MATERIALS PROVIDED section start
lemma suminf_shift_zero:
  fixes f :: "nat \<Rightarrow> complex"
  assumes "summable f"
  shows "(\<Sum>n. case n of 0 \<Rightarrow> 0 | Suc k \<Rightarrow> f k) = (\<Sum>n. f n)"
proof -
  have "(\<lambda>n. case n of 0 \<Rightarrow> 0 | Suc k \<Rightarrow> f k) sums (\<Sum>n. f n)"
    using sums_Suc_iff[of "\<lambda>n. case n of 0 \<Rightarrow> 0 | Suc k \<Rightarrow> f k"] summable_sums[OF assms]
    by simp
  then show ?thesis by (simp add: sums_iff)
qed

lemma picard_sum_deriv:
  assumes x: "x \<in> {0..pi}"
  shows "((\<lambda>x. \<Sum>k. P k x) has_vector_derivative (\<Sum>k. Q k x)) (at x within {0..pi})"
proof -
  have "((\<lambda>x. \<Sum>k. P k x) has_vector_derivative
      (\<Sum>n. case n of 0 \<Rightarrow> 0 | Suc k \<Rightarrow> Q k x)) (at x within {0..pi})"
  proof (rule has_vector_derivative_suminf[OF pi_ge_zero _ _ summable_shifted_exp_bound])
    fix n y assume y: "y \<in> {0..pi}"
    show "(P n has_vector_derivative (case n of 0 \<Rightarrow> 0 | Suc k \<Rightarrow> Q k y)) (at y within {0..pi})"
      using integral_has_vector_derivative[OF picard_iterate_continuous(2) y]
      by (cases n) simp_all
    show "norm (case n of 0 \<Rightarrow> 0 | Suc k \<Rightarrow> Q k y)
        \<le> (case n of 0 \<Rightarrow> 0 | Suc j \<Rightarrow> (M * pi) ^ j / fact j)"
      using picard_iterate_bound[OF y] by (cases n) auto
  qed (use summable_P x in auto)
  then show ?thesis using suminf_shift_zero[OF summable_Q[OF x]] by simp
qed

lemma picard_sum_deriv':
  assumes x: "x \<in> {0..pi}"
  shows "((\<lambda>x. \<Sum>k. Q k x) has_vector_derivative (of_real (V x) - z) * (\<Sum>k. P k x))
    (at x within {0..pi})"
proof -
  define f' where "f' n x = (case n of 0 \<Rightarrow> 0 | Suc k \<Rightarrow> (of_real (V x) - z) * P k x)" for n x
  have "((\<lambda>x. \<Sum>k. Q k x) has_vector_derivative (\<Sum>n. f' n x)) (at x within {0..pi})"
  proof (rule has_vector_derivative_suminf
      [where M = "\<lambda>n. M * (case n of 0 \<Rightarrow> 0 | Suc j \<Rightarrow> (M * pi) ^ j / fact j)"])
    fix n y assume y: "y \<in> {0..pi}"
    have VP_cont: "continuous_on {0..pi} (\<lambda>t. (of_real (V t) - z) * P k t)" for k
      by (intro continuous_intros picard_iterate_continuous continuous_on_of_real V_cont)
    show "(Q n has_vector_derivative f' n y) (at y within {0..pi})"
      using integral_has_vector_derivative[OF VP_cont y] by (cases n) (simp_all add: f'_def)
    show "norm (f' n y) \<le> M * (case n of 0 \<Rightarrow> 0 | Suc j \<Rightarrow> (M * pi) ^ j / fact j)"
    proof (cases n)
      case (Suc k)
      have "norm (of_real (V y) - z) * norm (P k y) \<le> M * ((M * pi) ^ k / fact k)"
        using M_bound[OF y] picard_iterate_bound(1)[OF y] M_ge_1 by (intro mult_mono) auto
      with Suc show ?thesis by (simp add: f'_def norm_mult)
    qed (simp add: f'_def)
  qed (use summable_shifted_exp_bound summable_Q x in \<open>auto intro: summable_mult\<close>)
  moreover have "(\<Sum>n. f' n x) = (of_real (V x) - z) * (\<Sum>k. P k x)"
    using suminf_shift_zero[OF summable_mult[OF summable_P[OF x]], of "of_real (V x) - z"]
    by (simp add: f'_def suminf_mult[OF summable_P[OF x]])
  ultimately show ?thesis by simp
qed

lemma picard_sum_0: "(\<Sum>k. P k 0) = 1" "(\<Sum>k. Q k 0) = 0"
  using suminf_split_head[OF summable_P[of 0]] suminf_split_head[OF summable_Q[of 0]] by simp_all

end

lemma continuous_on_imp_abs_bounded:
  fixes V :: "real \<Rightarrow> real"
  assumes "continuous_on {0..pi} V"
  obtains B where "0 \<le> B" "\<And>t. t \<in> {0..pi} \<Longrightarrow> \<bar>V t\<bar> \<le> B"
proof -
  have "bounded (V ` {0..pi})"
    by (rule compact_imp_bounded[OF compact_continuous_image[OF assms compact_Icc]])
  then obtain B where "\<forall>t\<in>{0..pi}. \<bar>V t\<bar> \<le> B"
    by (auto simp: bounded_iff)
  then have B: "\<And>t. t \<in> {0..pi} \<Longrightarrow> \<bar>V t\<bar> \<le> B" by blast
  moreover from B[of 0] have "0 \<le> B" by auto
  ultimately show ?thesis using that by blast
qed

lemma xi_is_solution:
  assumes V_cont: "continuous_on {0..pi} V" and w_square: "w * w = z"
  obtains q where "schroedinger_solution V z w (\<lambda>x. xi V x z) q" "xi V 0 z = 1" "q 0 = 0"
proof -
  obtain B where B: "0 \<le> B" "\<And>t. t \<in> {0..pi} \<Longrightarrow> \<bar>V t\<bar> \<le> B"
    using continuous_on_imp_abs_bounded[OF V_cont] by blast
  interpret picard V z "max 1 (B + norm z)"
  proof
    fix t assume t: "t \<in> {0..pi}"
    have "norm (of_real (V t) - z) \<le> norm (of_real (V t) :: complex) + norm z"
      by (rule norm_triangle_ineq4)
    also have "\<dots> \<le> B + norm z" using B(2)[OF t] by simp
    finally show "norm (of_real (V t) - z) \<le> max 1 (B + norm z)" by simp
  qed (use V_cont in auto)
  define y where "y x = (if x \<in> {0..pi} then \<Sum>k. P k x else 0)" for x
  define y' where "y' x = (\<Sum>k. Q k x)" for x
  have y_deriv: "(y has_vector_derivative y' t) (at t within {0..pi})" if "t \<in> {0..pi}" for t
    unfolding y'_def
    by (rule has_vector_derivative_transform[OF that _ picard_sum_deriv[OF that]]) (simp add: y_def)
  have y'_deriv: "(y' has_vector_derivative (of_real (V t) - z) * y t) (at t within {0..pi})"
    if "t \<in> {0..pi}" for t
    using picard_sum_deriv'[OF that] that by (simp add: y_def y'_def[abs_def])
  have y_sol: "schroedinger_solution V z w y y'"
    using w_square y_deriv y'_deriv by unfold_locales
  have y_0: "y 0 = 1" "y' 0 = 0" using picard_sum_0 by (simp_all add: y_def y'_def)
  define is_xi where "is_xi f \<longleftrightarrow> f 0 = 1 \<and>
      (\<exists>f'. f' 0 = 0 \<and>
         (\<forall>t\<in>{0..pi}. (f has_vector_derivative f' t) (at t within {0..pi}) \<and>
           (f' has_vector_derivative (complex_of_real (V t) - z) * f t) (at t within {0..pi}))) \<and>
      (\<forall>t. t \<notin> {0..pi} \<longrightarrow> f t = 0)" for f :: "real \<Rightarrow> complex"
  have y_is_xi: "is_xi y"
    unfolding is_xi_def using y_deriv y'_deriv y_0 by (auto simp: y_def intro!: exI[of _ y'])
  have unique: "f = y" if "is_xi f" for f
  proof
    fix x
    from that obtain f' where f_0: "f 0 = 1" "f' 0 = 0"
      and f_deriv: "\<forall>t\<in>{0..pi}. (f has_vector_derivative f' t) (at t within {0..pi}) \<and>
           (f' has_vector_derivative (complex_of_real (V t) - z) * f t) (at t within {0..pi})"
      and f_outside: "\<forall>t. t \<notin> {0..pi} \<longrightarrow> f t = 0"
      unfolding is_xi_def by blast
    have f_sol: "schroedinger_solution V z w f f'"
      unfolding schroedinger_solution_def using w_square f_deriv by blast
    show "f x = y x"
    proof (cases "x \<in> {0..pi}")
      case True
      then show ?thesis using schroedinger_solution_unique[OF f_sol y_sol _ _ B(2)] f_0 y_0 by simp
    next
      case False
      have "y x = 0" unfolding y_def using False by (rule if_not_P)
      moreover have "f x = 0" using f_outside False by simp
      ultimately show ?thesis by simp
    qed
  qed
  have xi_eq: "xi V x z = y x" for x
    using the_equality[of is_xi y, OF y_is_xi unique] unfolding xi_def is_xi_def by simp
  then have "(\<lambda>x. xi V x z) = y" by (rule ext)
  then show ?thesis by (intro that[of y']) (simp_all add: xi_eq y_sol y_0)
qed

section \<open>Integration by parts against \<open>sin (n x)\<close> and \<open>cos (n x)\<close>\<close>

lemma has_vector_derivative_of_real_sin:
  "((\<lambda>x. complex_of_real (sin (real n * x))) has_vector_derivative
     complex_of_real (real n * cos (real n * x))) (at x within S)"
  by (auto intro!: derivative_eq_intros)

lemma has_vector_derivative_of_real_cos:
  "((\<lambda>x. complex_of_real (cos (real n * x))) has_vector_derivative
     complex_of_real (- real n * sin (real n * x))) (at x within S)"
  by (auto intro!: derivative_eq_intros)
MATERIALS PROVIDED section end
MATERIALS PROVIDED section start
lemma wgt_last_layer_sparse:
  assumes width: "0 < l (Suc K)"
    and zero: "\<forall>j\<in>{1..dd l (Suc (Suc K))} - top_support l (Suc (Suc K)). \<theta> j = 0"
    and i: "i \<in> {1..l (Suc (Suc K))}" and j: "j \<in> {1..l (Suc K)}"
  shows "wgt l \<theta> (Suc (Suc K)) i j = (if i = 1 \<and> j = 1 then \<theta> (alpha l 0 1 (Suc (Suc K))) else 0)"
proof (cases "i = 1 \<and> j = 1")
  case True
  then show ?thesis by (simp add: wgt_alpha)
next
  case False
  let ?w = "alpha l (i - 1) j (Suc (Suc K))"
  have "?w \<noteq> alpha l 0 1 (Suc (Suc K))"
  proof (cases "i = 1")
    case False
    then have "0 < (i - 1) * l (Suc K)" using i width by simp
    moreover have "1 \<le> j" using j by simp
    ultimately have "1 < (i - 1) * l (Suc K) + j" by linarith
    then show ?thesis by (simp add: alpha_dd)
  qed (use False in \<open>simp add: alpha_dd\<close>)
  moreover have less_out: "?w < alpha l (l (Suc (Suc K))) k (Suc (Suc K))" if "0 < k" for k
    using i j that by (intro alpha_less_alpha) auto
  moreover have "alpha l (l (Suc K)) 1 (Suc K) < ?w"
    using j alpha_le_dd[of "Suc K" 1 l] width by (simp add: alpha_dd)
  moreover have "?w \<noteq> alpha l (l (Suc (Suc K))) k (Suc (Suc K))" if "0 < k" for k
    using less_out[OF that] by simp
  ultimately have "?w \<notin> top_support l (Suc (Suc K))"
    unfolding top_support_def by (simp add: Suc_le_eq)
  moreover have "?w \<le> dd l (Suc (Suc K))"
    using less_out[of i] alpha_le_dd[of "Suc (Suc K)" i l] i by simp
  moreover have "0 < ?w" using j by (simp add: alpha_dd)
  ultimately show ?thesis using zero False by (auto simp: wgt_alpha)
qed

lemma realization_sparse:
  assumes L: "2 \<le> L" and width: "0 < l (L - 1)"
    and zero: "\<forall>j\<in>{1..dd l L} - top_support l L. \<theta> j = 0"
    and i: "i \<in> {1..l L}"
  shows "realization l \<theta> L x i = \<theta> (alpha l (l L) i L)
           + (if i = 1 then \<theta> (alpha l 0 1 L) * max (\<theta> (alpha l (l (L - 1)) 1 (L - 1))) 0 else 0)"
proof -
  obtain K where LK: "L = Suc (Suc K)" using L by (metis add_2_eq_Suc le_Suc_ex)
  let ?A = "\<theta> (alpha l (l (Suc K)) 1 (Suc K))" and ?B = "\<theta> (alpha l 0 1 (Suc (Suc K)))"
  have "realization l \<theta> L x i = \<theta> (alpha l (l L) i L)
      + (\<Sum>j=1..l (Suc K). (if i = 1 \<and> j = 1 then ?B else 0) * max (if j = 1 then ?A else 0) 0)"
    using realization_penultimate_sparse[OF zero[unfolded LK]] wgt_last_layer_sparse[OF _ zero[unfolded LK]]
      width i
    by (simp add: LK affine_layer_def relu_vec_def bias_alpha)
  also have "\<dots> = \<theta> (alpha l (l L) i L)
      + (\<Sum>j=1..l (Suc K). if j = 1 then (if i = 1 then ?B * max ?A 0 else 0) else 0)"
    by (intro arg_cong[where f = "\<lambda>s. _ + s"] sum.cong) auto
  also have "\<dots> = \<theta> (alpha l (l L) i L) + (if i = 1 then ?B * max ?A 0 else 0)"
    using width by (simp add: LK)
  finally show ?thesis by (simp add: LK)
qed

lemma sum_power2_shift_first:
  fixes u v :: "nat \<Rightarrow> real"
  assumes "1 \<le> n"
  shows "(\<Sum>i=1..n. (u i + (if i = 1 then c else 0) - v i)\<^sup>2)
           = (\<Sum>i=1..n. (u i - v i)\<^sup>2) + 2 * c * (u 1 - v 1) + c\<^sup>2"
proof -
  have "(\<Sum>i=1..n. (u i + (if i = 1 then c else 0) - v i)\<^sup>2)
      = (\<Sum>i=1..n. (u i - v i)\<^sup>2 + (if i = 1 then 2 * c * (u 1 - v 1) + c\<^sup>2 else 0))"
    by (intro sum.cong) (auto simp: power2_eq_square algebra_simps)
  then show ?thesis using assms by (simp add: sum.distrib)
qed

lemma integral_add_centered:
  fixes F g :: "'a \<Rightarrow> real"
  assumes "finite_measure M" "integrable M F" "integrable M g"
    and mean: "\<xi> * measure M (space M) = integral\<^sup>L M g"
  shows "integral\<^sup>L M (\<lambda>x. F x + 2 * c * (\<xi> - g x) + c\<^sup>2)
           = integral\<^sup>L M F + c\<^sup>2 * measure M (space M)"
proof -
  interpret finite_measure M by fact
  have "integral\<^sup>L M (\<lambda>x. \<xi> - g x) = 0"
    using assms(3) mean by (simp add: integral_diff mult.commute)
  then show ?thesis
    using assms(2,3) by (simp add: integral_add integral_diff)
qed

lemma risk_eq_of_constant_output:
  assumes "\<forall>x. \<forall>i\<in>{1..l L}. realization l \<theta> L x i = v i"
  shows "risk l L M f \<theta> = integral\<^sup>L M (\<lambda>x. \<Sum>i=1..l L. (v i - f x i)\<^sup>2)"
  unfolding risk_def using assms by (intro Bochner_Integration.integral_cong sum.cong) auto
MATERIALS PROVIDED section end
Go through the material above and output exactly the lines from the one containing "(\<lambda>t. (of_real (V" through the one containing "n has_vector_derivative f'".

### SOLUTION BELOW
    have VP_cont: "continuous_on {0..pi} (\<lambda>t. (of_real (V t) - z) * P k t)" for k
      by (intro continuous_intros picard_iterate_continuous continuous_on_of_real V_cont)
    show "(Q n has_vector_derivative f' n y) (at y within {0..pi})"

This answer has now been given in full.